1. Love Lessons
Valentine’s Day is a great time to get students thinking critically about a complex human
emotion. By Christina Gil February 13, 2017
I have to admit that my reaction to Valentine’s Day is often expressed in one word: ugh. But
completely ignoring a holiday that is clearly here to stay isn’t much of an option. Even if I
bury my head in the sand for the entire 24 hours between February 13th and 15th, my
students will still be inundated with messages about love. So if I’m not actively working to
combat those ideas—that love is about buying roses or chocolate or diamond rings, or that
the only kind of love that matters is romantic love between a male and a female, or that if
you could just find a boyfriend, everything else in your life would be magically fixed—then
I’m passively supporting them.
Just like anything else that happens in their lives, Valentine’s Day is an opportunity to teach
our students to think critically—about the messages they see in mass media, about the
many different ways to think about love, and ultimately about their own assumptions.
5 Exercises to Get Students Thinking Critically About Love
1. Get students to read about familial love. This may not seem so revolutionary, until you
realize that if your students have spent any time watching mainstream movies, they have
been inundated with the idea that love equals romantic love. Getting them to think about
love as existing in many different places is a great way to get them thinking critically
about the messages they get about love from popular culture. Assign some reading about
love between brothers or a mother and a daughter. “Fish Cheeks,” by Amy Tan, which is
about a daughter realizing the ways that her mother shows her love, is one of my all-time
favorite personal essays. I also love the short stories “A Worn Path,” by Eudora Welty,
which is about a grandmother’s dedication to her sick grandson, and “I Stand Here Ironing”

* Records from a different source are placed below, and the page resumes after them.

text \<open>The abelian groups A_x are HOL-Algebra commutative groups (written
multiplicatively: the group operation plays the role of +, inv of -, one of 0).\<close>

definition sym_rack_module ::
  "('x \<Rightarrow> 'x \<Rightarrow> 'x) \<Rightarrow> ('x \<Rightarrow> 'x) \<Rightarrow> ('x \<Rightarrow> ('a, 'm) monoid_scheme)
   \<Rightarrow> ('x \<Rightarrow> 'x \<Rightarrow> 'a \<Rightarrow> 'a) \<Rightarrow> ('x \<Rightarrow> 'x \<Rightarrow> 'a \<Rightarrow> 'a) \<Rightarrow> ('x \<Rightarrow> 'a \<Rightarrow> 'a) \<Rightarrow> bool" where
  "sym_rack_module op \<rho> A \<phi> \<psi> \<eta> \<longleftrightarrow>
     (\<forall>x. comm_group (A x)) \<and>
     (\<forall>x y. \<phi> x y \<in> iso (A x) (A (op x y))) \<and>
     (\<forall>x y. \<psi> x y \<in> hom (A y) (A (op x y))) \<and>
     (\<forall>x. \<eta> x \<in> hom (A x) (A (\<rho> x))) \<and>
     \<comment> \<open>(M1)\<close>
     (\<forall>x y z. \<forall>a\<in>carrier (A x).
        \<phi> (op x y) z (\<phi> x y a) = \<phi> (op x z) (op y z) (\<phi> x z a)) \<and>
     \<comment> \<open>(M2)\<close>
     (\<forall>x y z. \<forall>b\<in>carrier (A y).
        \<phi> (op x y) z (\<psi> x y b) = \<psi> (op x z) (op y z) (\<phi> y z b)) \<and>
     \<comment> \<open>(M3)\<close>
     (\<forall>x. \<forall>a\<in>carrier (A x). \<eta> (\<rho> x) (\<eta> x a) = a) \<and>
     \<comment> \<open>(M4)\<close>
     (\<forall>x y. \<forall>a\<in>carrier (A x). \<eta> (op x y) (\<phi> x y a) = \<phi> (\<rho> x) y (\<eta> x a)) \<and>
     \<comment> \<open>(M5)\<close>
     (\<forall>x y. \<forall>b\<in>carrier (A y). \<psi> (\<rho> x) y b = \<eta> (op x y) (\<psi> x y b)) \<and>
     \<comment> \<open>(M6)\<close>
     (\<forall>x y. \<forall>a\<in>carrier (A x). \<phi> (rinv op x y) y (\<phi> x (\<rho> y) a) = a) \<and>
     \<comment> \<open>(M7)\<close>
     (\<forall>x y z. \<forall>a\<in>carrier (A z).
        \<psi> (op x y) z a = \<phi> (op x z) (op y z) (\<psi> x z a)
                          \<otimes>\<^bsub>A (op (op x z) (op y z))\<^esub> \<psi> (op x z) (op y z) (\<psi> y z a)) \<and>
     \<comment> \<open>(M8)\<close>
     (\<forall>x y. \<forall>b\<in>carrier (A y).
        \<phi> (rinv op x y) y (\<psi> x (\<rho> y) (\<eta> y b))
          = inv\<^bsub>A (op (op x (\<rho> y)) y)\<^esub> (\<psi> (op x (\<rho> y)) y b))"
lemma rt_eq_Suc_red_num:
  fixes m :: "'a set"
  assumes loc: "local_ring m" and Q: "Qker x y s = Qupto x y s (r + 1)"
  shows "rt x y s = r + 1"
  unfolding rt_def
proof (rule Least_equality)
  show "1 \<le> r + 1 \<and> Qker x y s = Qupto x y s (r + 1)" using Q by simp
next
  fix N assume N: "1 \<le> N \<and> Qker x y s = Qupto x y s N"
  obtain Fs where "Yv ^ (r + 1) - (\<Sum>i=1..s. Xv i * Fs i) \<in> Qdeg x y s (r + 1)"
    by (rule reduction_form_exists)
  then have G: "Yv ^ (r + 1) - (\<Sum>i=1..s. Xv i * Fs i) \<in> Qupto x y s N"
    using N by (simp add: Qdeg_def)
  show "r + 1 \<le> N"
  proof (rule ccontr)
    assume "\<not> r + 1 \<le> N"
    moreover have "ideal m" using loc by (simp add: local_ring_def)
    ultimately have "Qupto x y s N \<subseteq> Y_coeffs_in s m"
      unfolding Qupto_def
      by (intro gen_in_least[OF ideal_Y_coeffs_in] UN_least Qdeg_subset_Y_coeffs_in[OF loc]) auto
    then show False using G reduction_form_notin_Y_coeffs_in[OF loc] by blast
  qed
qed
lemma sum_wt_updown_list:
  assumes "s \<noteq> []"
  shows "(\<Sum>A\<in>Pow (set s - {Max (set s)}). wt m kk ll q (updown_list s A)) =
    prod_mset (image_mset (wge m kk ll q) (repetitions s)) * (q - inverse q) ^ (card (set s) - 1)"
proof -
  define D where "D = set s - {Max (set s)}"
  have "(\<Sum>A\<in>Pow D. wt m kk ll q (updown_list s A)) =
      prod_mset (image_mset (wge m kk ll q) (repetitions s))
      * (\<Sum>A\<in>Pow D. (\<Prod>v\<in>A. wlt m kk ll q v) * (\<Prod>v\<in>D - A. wge m kk ll q v))"
    by (simp add: sum_distrib_left D_def wt_updown_list[OF assms] mult_ac)
  also have "(\<Sum>A\<in>Pow D. (\<Prod>v\<in>A. wlt m kk ll q v) * (\<Prod>v\<in>D - A. wge m kk ll q v))
      = (\<Prod>v\<in>D. wlt m kk ll q v + wge m kk ll q v)"
    by (simp add: prod_add D_def)
  also have "\<dots> = (\<Prod>v\<in>D. q - inverse q)"
    by (intro prod.cong) (simp_all add: wlt_def wge_def)
  also have "\<dots> = (q - inverse q) ^ (card (set s) - 1)"
    using assms by (simp add: D_def card_Diff_singleton)
  finally show ?thesis unfolding D_def .
qed

lemma sum_updown_lists:
  fixes F :: "nat list \<Rightarrow> 'f::field"
  assumes "0 < n" and "finite B" and F: "\<And>x y. mset x = mset y \<Longrightarrow> F x = F y"
  shows "(\<Sum>j\<in>{j. length j = n \<and> set j \<subseteq> B \<and> updown j}. wt m kk ll q j * F j) =
    (\<Sum>s\<in>{s. length s = n \<and> set s \<subseteq> B \<and> sorted s}.
       prod_mset (image_mset (wge m kk ll q) (repetitions s)) * (q - inverse q) ^ (card (set s) - 1) * F s)"
proof -
  let ?S = "{s. length s = n \<and> set s \<subseteq> B \<and> sorted s}"
  have "finite ?S"
    by (rule finite_subset[OF _ finite_lists_length_eq[OF \<open>finite B\<close>, of n]]) auto
  have "(\<Sum>j\<in>{j. length j = n \<and> set j \<subseteq> B \<and> updown j}. wt m kk ll q j * F j) =
      (\<Sum>(s, A)\<in>(SIGMA s:?S. Pow (set s - {Max (set s)})).
         wt m kk ll q (updown_list s A) * F (updown_list s A))"
    unfolding sum.reindex_bij_betw[OF bij_betw_updown_list[OF \<open>0 < n\<close>], symmetric]
    by (intro sum.cong) auto
  also have "\<dots> = (\<Sum>(s, A)\<in>(SIGMA s:?S. Pow (set s - {Max (set s)})). wt m kk ll q (updown_list s A) * F s)"
    using \<open>0 < n\<close> by (intro sum.cong refl) (auto intro!: arg_cong[where f = "(*) _"] F mset_updown_list)
  also have "\<dots> = (\<Sum>s\<in>?S. (\<Sum>A\<in>Pow (set s - {Max (set s)}). wt m kk ll q (updown_list s A)) * F s)"
    unfolding sum_distrib_right using \<open>finite ?S\<close> by (subst sum.Sigma) auto
  also have "\<dots> = (\<Sum>s\<in>?S.
       prod_mset (image_mset (wge m kk ll q) (repetitions s)) * (q - inverse q) ^ (card (set s) - 1) * F s)"
    using \<open>0 < n\<close> by (intro sum.cong refl) (auto simp: sum_wt_updown_list)
  finally show ?thesis .
qed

by Tillie Olson, which deals with a mother’s fierce love and also regret.
2. Compare two poems about love. My favorites for love poetry include Shakespeare’s
sonnets—all of them, but if I had to pick one, it’d be 73 (“That time of year thou mayst in
me behold”). I also suggest Edna St. Vincent Millay’s “Love Is Not All” and Elizabeth Bishop’s
“One Art.” Now that I look at this list, it’s a pretty sad one, and yet I think that there is
plenty of sadness in love, and that sadness isn't always all bad. Again, getting students to
think about the dark side of love—the loss, the struggle, the pain—only serves to give
them a deeper understanding of this complicated emotion.
3. Get students writing about their own lives. When they have been given the message that
love is all about grand gestures (a new car in the driveway wrapped up in a bow or a boy
standing outside your window holding a boombox), your students might miss those little
moments in their lives when people have shown them love. But getting them to reflect on
and write through their experiences is a great way to get them to remember, appreciate,
and be grateful for those times.
2. 4. Analyze some visuals. This might mean that you look together at some advertisements that
utilize the universal desire for love to sell something. It could also mean that you lighten it
up (a little) by examining comics together. The New Yorker has some classics, of course.
Getting students to examine and question the messages they’re getting about love from
popular culture is the best way to help them distinguish their own beliefs from those of
Madison Avenue.
5. Discuss, discuss, and then discuss some more. When dealing with a topic like love, it’s
important for students to understand that there may be many right answers to a question,
and sometimes there isn’t one at all. By listening to others and carefully considering their
ideas, students will learn that formulating opinions takes time and isn’t something that
should happen as a knee-jerk reaction or quick assumption. Questions like “Are love
stories more powerful when we know that the lovers are doomed?” or “Do you believe in
love at first sight?” or “Why do we often hurt the people we love the most?” get students
to think deeper on a topic they often take for granted.
Ultimately, by working with students to think critically, question everything, and work
together to understand this world we live in, I am also working to clarify my own ideas.
Maybe that even means that I’ll change my mind about Valentine’s Day. We’ll see.